シェニミアが何か言う前に店主へと聞くライト。店主はどうやらこの石の事はあまりよく知らないらしく、大した値段でもなく買う事が出来た。

「サークスを出たらさっそく解放してやるといい、解放には大量の魔力が必要だが、シェニミアなら問題ないだろ。」

ライトはそう言って、店主に注文した物を取りにいった。ライトが注文したのは10本程の剣だった。どうやら長旅になる事を覚悟して、壊れた時のために剣を買い溜めするという荒業に出たらしい。その剣をどうやったかわからないが魔法で空間に穴を開けそこにポイっと放り投げた。

 シェニミアは何が起きてるかまったく理解できず、ぽかーん、としていた。

「ああ、驚かせたか、これは空間魔法っていって空間に自分専用の倉庫のような物が出来るんだ。ちっさくして持ってく手もあるんだけど面倒だからそのまま倉庫に入れた。そのうちシェニミアにも教えてやるよ。

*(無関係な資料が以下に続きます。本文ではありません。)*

text \<open>An element of \<open>P\<close> that is congruent modulo \<open>P\<^sup>*\<close> to a single component lies in \<open>P\<^sup>*\<close>.\<close>
lemma spread_pos: assumes "x \<in> P" "x \<notin> hcore P" shows "0 < spread P x"
proof (rule ccontr)
  assume "\<not> 0 < spread P x"
  then have "top_deg P x = bot_deg P x" using bot_deg_le_top_deg[OF assms(2)] unfolding spread_def by simp
  then have single: "outside_degs P x = {top_deg P x}"
    using le_top_deg bot_deg_le top_deg_mem[OF assms(2)] by fastforce
  define k where "k = top_deg P x"
  have "x - hcomp x k \<in> hcore P"
    unfolding hcore_def
    using single hcomp_homogeneous[OF hcomp_mem[of x k]] is_idealD(1)[OF ideal_P]
    by (auto simp: hcomp_diff outside_degs_def k_def)
  then have "hcomp x k \<in> P" using hcore_subset_P ideal_diff_mem[OF ideal_P assms(1)] by force
  then show False using single unfolding outside_degs_def k_def by auto
qed

section \<open>No prime ideal lies strictly between \<open>P\<^sup>*\<close> and \<open>P\<close>\<close>

lemma spread_cancel_top_less:
  assumes x: "x \<notin> hcore P" and y: "y \<notin> hcore P"
    and z: "z = hcomp x (top_deg P x) * y - hcomp y (top_deg P y) * x" "z \<notin> hcore P"
  shows "spread P z < max (spread P x) (spread P y)"
proof -
  let ?tx = "top_deg P x" and ?bx = "bot_deg P x" and ?ty = "top_deg P y" and ?by = "bot_deg P y"
  define a where "a = hcomp x ?tx"
  define b where "b = hcomp y ?ty"
  have aG: "a \<in> G ?tx" and bG: "b \<in> G ?ty" unfolding a_def b_def by (rule hcomp_mem)+
  have hcomp_z: "hcomp z n = hcomp (a * y) n - hcomp (b * x) n" for n
    unfolding z(1) a_def b_def by (rule hcomp_diff)
  have "hcomp z n \<in> P" if n: "\<not> (min (?by + ?tx) (?bx + ?ty) \<le> n \<and> n < ?tx + ?ty)" for n
  proof (cases "n = ?tx + ?ty")
    case True
    then have "hcomp z n = a * b - b * a"
      using hcomp_z hcomp_mult_homogeneous[OF aG] hcomp_mult_homogeneous[OF bG]
      unfolding a_def b_def by simp
    then show ?thesis using is_idealD(1)[OF ideal_P] by simp
  next
    case False
    have "hcomp (a * y) n \<in> P"
    proof (cases "?tx \<le> n")
      case True
      then have "n - ?tx < ?by \<or> ?ty < n - ?tx" using n False by auto
      then have "hcomp y (n - ?tx) \<in> P" using hcomp_mem_below_bot_deg hcomp_mem_above_top_deg by blast
      then show ?thesis using True hcomp_mult_homogeneous[OF aG] is_idealD(4)[OF ideal_P] by simp
    qed (use hcomp_mult_homogeneous[OF aG] is_idealD(1)[OF ideal_P] in simp)
    moreover have "hcomp (b * x) n \<in> P"
    proof (cases "?ty \<le> n")
      case True
      then have "n - ?ty < ?bx \<or> ?tx < n - ?ty" using n False by auto
      then have "hcomp x (n - ?ty) \<in> P" using hcomp_mem_below_bot_deg hcomp_mem_above_top_deg by blast
      then show ?thesis using True hcomp_mult_homogeneous[OF bG] is_idealD(4)[OF ideal_P] by simp
    qed (use hcomp_mult_homogeneous[OF bG] is_idealD(1)[OF ideal_P] in simp)
    ultimately show ?thesis using hcomp_z ideal_diff_mem[OF ideal_P] by simp
  qed
  then have "min (?by + ?tx) (?bx + ?ty) \<le> n \<and> n < ?tx + ?ty" if "n \<in> outside_degs P z" for n
    using that unfolding outside_degs_def by blast
  then have "min (?by + ?tx) (?bx + ?ty) \<le> bot_deg P z" "top_deg P z < ?tx + ?ty"
    using bot_deg_mem[OF z(2)] top_deg_mem[OF z(2)] by auto
  then show ?thesis
    using bot_deg_le_top_deg[OF x] bot_deg_le_top_deg[OF y] bot_deg_le_top_deg[OF z(2)]
    unfolding spread_def by linarith
qed

context
  fixes x :: 'a
  assumes x: "x \<in> P" "x \<notin> hcore P"
    and spread_minimal: "\<And>z. z \<in> P \<Longrightarrow> z \<notin> hcore P \<Longrightarrow> spread P x \<le> spread P z"
begin

text \<open>Descent on the spread of \<open>y\<close>: cancelling the top components of \<open>x\<close> and \<open>y\<close> against each other
  lowers it, and the minimality of \<open>x\<close> bounds the result.\<close>
lemma ex_homogeneous_multiple_congruent:
  "y \<in> P \<Longrightarrow> \<exists>h k g. h \<in> G k \<and> h \<notin> P \<and> h * y - g * x \<in> hcore P"
proof (induction "spread P y" arbitrary: y rule: less_induct)
  case less
  have trivial: "\<exists>h k g. h \<in> G k \<and> h \<notin> P \<and> h * w - g * x \<in> hcore P" if "w \<in> hcore P" for w
    using that G_one prime_idealD(2)[OF P] by (intro exI[of _ 1] exI[of _ 0] exI[of _ 0]) auto
  show ?case
  proof (cases "y \<in> hcore P")
    case y: False
    define a where "a = hcomp x (top_deg P x)"
    define b where "b = hcomp y (top_deg P y)"
    define z where "z = a * y - b * x"
    have aG: "a \<in> G (top_deg P x)" unfolding a_def by (rule hcomp_mem)
    have a: "a \<notin> P" using top_deg_mem[OF x(2)] unfolding a_def outside_degs_def by simp
    have zP: "z \<in> P" unfolding z_def using less.prems x(1)
      by (intro ideal_diff_mem[OF ideal_P] is_idealD(4)[OF ideal_P])
    have "\<exists>h k g. h \<in> G k \<and> h \<notin> P \<and> h * z - g * x \<in> hcore P"
    proof (cases "z \<in> hcore P")
      case False
      then have "spread P z < max (spread P x) (spread P y)"
        using spread_cancel_top_less[OF x(2) y] unfolding z_def a_def b_def by blast
      also have "\<dots> = spread P y" using spread_minimal[OF less.prems y] by simp
      finally show ?thesis using less.hyps zP by blast
    qed (rule trivial)
    then obtain h k g where hkg: "h \<in> G k" "h \<notin> P" "h * z - g * x \<in> hcore P" by blast
    have "(h * a) * y - (h * b + g) * x = h * z - g * x" unfolding z_def by (simp add: algebra_simps)
    moreover have "h * a \<in> G (k + top_deg P x)" using G_mult[OF hkg(1) aG] .
    moreover have "h * a \<notin> P" using prime_idealD(3)[OF P, of h a] hkg(2) a by blast
    ultimately show ?thesis using hkg(3) by metis
  qed (rule trivial)
qed

lemma mem_prime_between_if_minimal_spread:
  assumes Q: "prime_ideal Q" and QP: "Q \<subseteq> P" and hcore_Q: "hcore P \<subseteq> Q"
  shows "y \<in> Q \<Longrightarrow> y \<notin> hcore P \<Longrightarrow> x \<in> Q"
proof (induction "spread P y" arbitrary: y rule: less_induct)
  case less
  have idQ: "is_ideal Q" using prime_idealD[OF Q] by blast
  note ideal_hcore_P = ideal_hcore[OF ideal_P]
  obtain h k g where hkg: "h \<in> G k" "h \<notin> P" "h * y - g * x \<in> hcore P"
    using ex_homogeneous_multiple_congruent less.prems(1) QP by blast
  have "h * y - g * x \<in> Q" using hkg(3) hcore_Q by blast
  moreover have "g * x = h * y - (h * y - g * x)" by simp
  ultimately have gx: "g * x \<in> Q" using ideal_diff_mem[OF idQ is_idealD(4)[OF idQ less.prems(1)]] by metis
  show "x \<in> Q"
  proof (rule ccontr)
    assume xQ: "x \<notin> Q"
    then have gQ: "g \<in> Q" using prime_idealD(3)[OF Q gx] by blast
    have g: "g \<notin> hcore P"
    proof
      assume "g \<in> hcore P"
      then have "(h * y - g * x) + g * x \<in> hcore P"
        using is_idealD(2)[OF ideal_hcore_P hkg(3)] ideal_mult_right_mem[OF ideal_hcore_P] by blast
      then have "h \<in> hcore P \<or> y \<in> hcore P" using prime_idealD(3)[OF prime_hcore] by simp
      then show False using hkg(2) hcore_subset_P less.prems(2) by blast
    qed
    have "g * x - h * y \<in> hcore P"
      using is_idealD(3)[OF ideal_hcore_P hkg(3)] by (simp add: minus_diff_eq)
    then have "spread P g + spread P x = spread P y"
      using spread_cong spread_mult[OF g x(2)] spread_mult_homogeneous[OF hkg(1,2) less.prems(2)] by metis
    then have "spread P g < spread P y" using spread_pos[OF x] by simp
    then show False using less.hyps gQ g xQ by blast
  qed
qed

end

theorem no_prime_between_hcore:
  assumes Q: "prime_ideal Q" and hcore_Q: "hcore P \<subset> Q" and QP: "Q \<subset> P"
  shows False
proof -
  have idQ: "is_ideal Q" using prime_idealD[OF Q] by blast
  have "\<exists>x. x \<in> P \<and> x \<notin> hcore P" using hcore_Q QP by blast
  then obtain x where x: "x \<in> P" "x \<notin> hcore P"
    and minimal: "\<And>z. z \<in> P \<and> z \<notin> hcore P \<Longrightarrow> spread P x \<le> spread P z"
    using ex_has_least_nat[of "\<lambda>x. x \<in> P \<and> x \<notin> hcore P" _ "spread P"] by blast
  then have minimal': "\<And>z. z \<in> P \<Longrightarrow> z \<notin> hcore P \<Longrightarrow> spread P x \<le> spread P z" by blast
  obtain y where "y \<in> Q" "y \<notin> hcore P" using hcore_Q by blast
  then have xQ: "x \<in> Q"
    using mem_prime_between_if_minimal_spread[OF x minimal' Q] hcore_Q QP by blast
  have "P \<subseteq> Q"
  proof
    fix y assume "y \<in> P"
    then obtain h k g where hkg: "h \<in> G k" "h \<notin> P" "h * y - g * x \<in> hcore P"
      using ex_homogeneous_multiple_congruent[OF x minimal'] by blast
    have "h * y - g * x \<in> Q" using hkg(3) hcore_Q by blast
    moreover have "h * y = (h * y - g * x) + g * x" by simp
    ultimately have "h * y \<in> Q" using is_idealD(2)[OF idQ _ is_idealD(4)[OF idQ xQ]] by metis
    then show "y \<in> Q" using prime_idealD(3)[OF Q] hkg(2) QP by blast
  qed
  then show False using QP by blast
qed

end

lemma prime_chain_to_hcore: "prime_chain_to n P \<Longrightarrow> prime_chain_to (n - 1) (hcore P)"
proof (induction n arbitrary: P)
  case 0
  then show ?case using prime_chain_to_0[OF prime_hcore[OF prime_chain_to_prime]] by simp
next
  case (Suc n)
  obtain C where C: "\<forall>i\<le>Suc n. prime_ideal (C i)" "\<forall>i<Suc n. C i \<subset> C (Suc i)" "C (Suc n) = P"
    using Suc.prems unfolding prime_chain_to_def by blast
  define Q where "Q = C n"
  have chain_Q: "prime_chain_to n Q" unfolding prime_chain_to_def Q_def by (intro exI[of _ C]) (use C in auto)
  have QP: "Q \<subset> P" unfolding Q_def using C by auto
  have P: "prime_ideal P" using prime_chain_to_prime[OF Suc.prems] .
  have Q: "prime_ideal Q" using prime_chain_to_prime[OF chain_Q] .
  have idQ: "is_ideal Q" using prime_idealD Q by blast
  have hcore_P: "prime_ideal (hcore P)" using prime_hcore[OF P] .
  show ?case
  proof (cases "hcore Q = Q")
    case True
    have "Q \<subseteq> hcore P"
      by (rule subset_hcoreI) (use True hcomp_mem_hcore[OF _ idQ] QP in auto)
    then consider "Q = hcore P" | "Q \<subset> hcore P" by blast
    then show ?thesis
    proof cases
      case 2
      then show ?thesis using prime_chain_to_Suc[OF chain_Q _ hcore_P] prime_chain_to_mono by fastforce
    qed (use chain_Q in simp)
  next
    case False
    have "hcore Q \<subseteq> hcore P" using hcore_mono QP by blast
    moreover have "hcore Q \<noteq> hcore P"
    proof
      assume "hcore Q = hcore P"
      then have "hcore P \<subset> Q" using hcore_subset[OF idQ] False by blast
      then show False using no_prime_between_hcore[OF P Q _ QP] by blast
    qed
    ultimately have "prime_chain_to (Suc (n - 1)) (hcore P)"
      using prime_chain_to_Suc[OF Suc.IH[OF chain_Q] _ hcore_P] by blast
    then show ?thesis using prime_chain_to_mono[of "Suc (n - 1)" "hcore P" n] by simp
  qed
qed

」

まったく何を言ってるのか理解できなかったシェニミアだが、そのうち教えてくれるということでさほど追及しなかった。

 それより封印石に目が行ってしまうそうで、封印石をじっと見つめていた。


「さてと後は特にないしそろそろ行くか。」

用は全て終わり、さっそく門へと進むライトとシェニミア。

「そういえばシェニミアのランクはどのくらいなんだ、たしか俺が推薦したからある程度良い所に入るはずなんだけど。」

「えっと、私のランクは~?47390?」

それを聞いたライトは驚きの声を上げた。

「47390!?あのくそじじいまさか手回しやがったな、俺の時はきっちり最下位から登録したくせに・・・」

などと愚痴を呟くライト、シェニミアはいまいち実感がないのか首を傾げていた。

「あの、そんなにすごいんですか?」

「ん?ああそうだな、傭兵の総人口は約1000000人でその中の47390位ってのは結構すごい方だぞ。」

「1000000!?そんなに傭兵っていたんですか!?」

シェニミアは桁の数に驚いていた。

「あ~でも全員がサークスに居るとはかぎらないからな、傭兵なんかそこらにどこでも居るし。」

あわわわ、とあまりの数に怯えてしまったシェニミアであった。